Abisina turned away. Without realizing it, she had made a decision during the months with Hoysta and on this journey with Haret.
That world doesn’t concern me now
. She faced north. Toward Watersmeet. And life free from Charach and Vran.

One night Abisina noticed that Haret had relaxed his vigilance in covering their tracks. “We’re in dwarf territory,” he explained. Abisina waited to be taken to another cave like Hoysta’s—she even looked forward to it, eating anything besides smoked mole and badger cheese, sleeping in a bed—but Haret never brought her near the other dwarves. One evening she woke to find him drinking from a new water skin, and she knew he had visited the local dwarves while she slept. She tried to ignore the sting of being excluded—reminding herself that she would hate being stuck in a cave with a bunch of strange, dirty dwarves.

Before they set out, Haret had a warning for Abisina: “A rough band of centaurs has started raiding these parts, according to my cousins. Between here and a place called Giant’s Cairn. They particularly like
humans
.”

Now their pace really slowed as Haret took great care to keep their trek hidden. They built no fires, walked through streams when they could, and crisscrossed their own tracks to confuse any pursuers. Sometimes Haret paused to study tracks that were invisible to Abisina. Some, she couldn’t miss. A few times they came upon clearings trampled flat around the remains of huge fires, the bones of large animals strewn about. “Cannibals!” Haret cried once, staring at the bones. At Abisina’s questioning look, he explained, “Centaurs can communicate with hoofed animals: deer, moose—even wild pig. But these centaurs are
eating
deer.” He spat in disgust, before moving on.

Haret would often yank Abisina behind a cluster of trees when his acute hearing told him something was coming. Most often it was a bear, a wolf, or a stag, but once, when there was little ground cover to hide in, Haret insisted that a large group of centaurs was heading their way before Abisina could hear anything.

“We have to hide!” He scanned the brush for anything big enough to cover even one of them. Abisina’s instincts took over, and instead of looking down, she began studying the trees. Branches, knots, even slight swellings in the trunk were all she needed to climb into the canopy above the sightline of the centaurs.

There!
Straight ahead was a pine with enough bulges to get her to the first branch. Just in time. Now even she could hear the rustling of branches and the thud of hooves.

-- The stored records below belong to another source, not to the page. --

(* Let $X$ be a Tychonoff space and let $x_0,y_0\in X$ be points that are not $P$-points of $X$. Then there exist a Tychonoff space $Y$ and an $\mathbb R$-quotient map $f\colon X\to Y$ such that $Y$ is a subset of $\mathbb R$ endowed with a topology finer than the one induced by the Euclidean metric, and $f(x_0)$ and $f(y_0)$ are not $P$-points of $Y$. Moreover, if $x_0\ne y_0$, then $f$ can be chosen so that $f(x_0)<f(y_0)$.
   Context: A point $x$ of a space is a $P$-point if every $G_\delta$-set containing $x$ is a neighborhood of $x$. A continuous surjection $p\colon X\to Y$ between topological spaces is $\mathbb R$-quotient if for every function $\varphi\colon Y\to\mathbb R$, $\varphi$ is continuous if and only if $\varphi\circ p$ is continuous; equivalently, the topology of $Y$ is the finest completely regular topology making $p$ continuous. *)

theory Defs
  imports "HOL-Analysis.Analysis"
begin

definition tychonoff_space :: "'a topology \<Rightarrow> bool" where
  "tychonoff_space X \<longleftrightarrow> completely_regular_space X \<and> t1_space X"

definition p_point :: "'a topology \<Rightarrow> 'a \<Rightarrow> bool" where
  "p_point X x \<longleftrightarrow> x \<in> topspace X \<and>
     (\<forall>G. gdelta_in X G \<and> x \<in> G \<longrightarrow> (\<exists>U. openin X U \<and> x \<in> U \<and> U \<subseteq> G))"

definition real_quotient_map :: "'a topology \<Rightarrow> 'b topology \<Rightarrow> ('a \<Rightarrow> 'b) \<Rightarrow> bool" where
  "real_quotient_map X Y p \<longleftrightarrow> continuous_map X Y p \<and> p ` topspace X = topspace Y \<and>
     (\<forall>\<phi> :: 'b \<Rightarrow> real. continuous_map Y euclideanreal \<phi> \<longleftrightarrow>
        continuous_map X euclideanreal (\<phi> \<circ> p))"

end

theory Submission
  imports Defs
begin
text \<open>Surjectivity onto pairs: \<open>P \<phi>\<^sub>1 y\<^sub>1 + Q \<phi>\<^sub>2 y\<^sub>2\<close> is a common preimage.\<close>
lemma split_surjective:
  assumes \<psi>1: "alg_hom \<psi>1" and \<psi>2: "alg_hom \<psi>2"
    and right_inverse: "\<psi>1 (\<phi>1 y1) \<approx> y1 (mod S)" "\<psi>2 (\<phi>2 y2) \<approx> y2 (mod S)"
    and images: "\<psi>1 P \<approx> 1 (mod S)" "\<psi>1 Q \<approx> 0 (mod S)" "\<psi>2 P \<approx> 0 (mod S)" "\<psi>2 Q \<approx> 1 (mod S)"
  shows "\<exists>x. \<psi>1 x \<approx> y1 (mod S) \<and> \<psi>2 x \<approx> y2 (mod S)"
proof (intro exI conjI)
  let ?x = "P * \<phi>1 y1 + Q * \<phi>2 y2"
  have "\<psi>1 ?x = \<psi>1 P * \<psi>1 (\<phi>1 y1) + \<psi>1 Q * \<psi>1 (\<phi>2 y2)"
    by (simp add: \<psi>1 alg_hom_add alg_hom_mult)
  also have "\<dots> \<approx> 1 * y1 + 0 * \<psi>1 (\<phi>2 y2) (mod S)"
    by (intro cong_add cong_mult cong_refl images right_inverse)
  finally show "\<psi>1 ?x \<approx> y1 (mod S)" by simp
  have "\<psi>2 ?x = \<psi>2 P * \<psi>2 (\<phi>1 y1) + \<psi>2 Q * \<psi>2 (\<phi>2 y2)"
    by (simp add: \<psi>2 alg_hom_add alg_hom_mult)
  also have "\<dots> \<approx> 0 * \<psi>2 (\<phi>1 y1) + 1 * y2 (mod S)"
    by (intro cong_add cong_mult cong_refl images right_inverse)
  finally show "\<psi>2 ?x \<approx> y2 (mod S)" by simp
qed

“Human!” Haret was at her elbow. “I think there’s cover enough for you there!” He pointed to some brush.

“You take it! I’ll go up!” And she scrambled up the trunk before Haret could react. As she reached the first row of branches, she saw Haret slip into the brush just as a centaur came into sight. She risked one more swing upward to give her a little more shelter. She wasn’t as high as she’d like to be, but any more movement would catch the centaurs’ attention. From her perch she watched the herd canter past, only a pace from Haret’s hiding spot. She stared at their powerful haunches and broad shoulders thick with muscle, their tangled tails, matted winter coats, the women’s bare breasts, and the men’s snarled beards. Their foreheads were heavy, their eyes deep-set. They didn’t speak but there was a menace about them, their heads swinging from side to side, searching for signs of prey.

I need a bow!
Abisina reminded herself to badger Haret for the sinew she knew he had in his bag.

After the centaurs passed, Abisina let out her breath. But neither she nor Haret moved for a long time. When she climbed back down, Haret was waiting for her, an amazed expression on his face. “Going up! I never would have thought of it! And it’s a good thing you did, human, because you would have stuck out like a gem in coals down here. None of this cover was enough for someone as poor at blending in as you are!”

Abisina decided to take the compliment and ignore the insult.

Haret refused to give Abisina the sinew to make a bow, however. “I swore I would protect you, human!” seemed to be his only real argument. And it was true that whenever they were on the move, Haret stayed within several feet of her. But one evening, as they broke camp, a rabbit dashed past the entrance to the cave and Haret went after it. “Stay where you are,” he shouted over his shoulder as he drew an arrow from his quiver. “I’ll have this one in the shake of a mole’s tail!”

Abisina sighed and sank to the ground.
I could have it in less than “the shake of a mole’s tail,”
she thought.

She sat watching the full moon rise over the darkening trees, but then something thrashed in the underbrush opposite where Haret had disappeared. She scrambled to her feet.
Centaurs?
Grabbing their bags, Abisina darted back into the mouth of the cave. She needed a weapon! A dead branch lay nearby. It wouldn’t do much, but it was all she had. She grabbed it and crouched in the cave’s shadows, ready to use her club on anything that moved.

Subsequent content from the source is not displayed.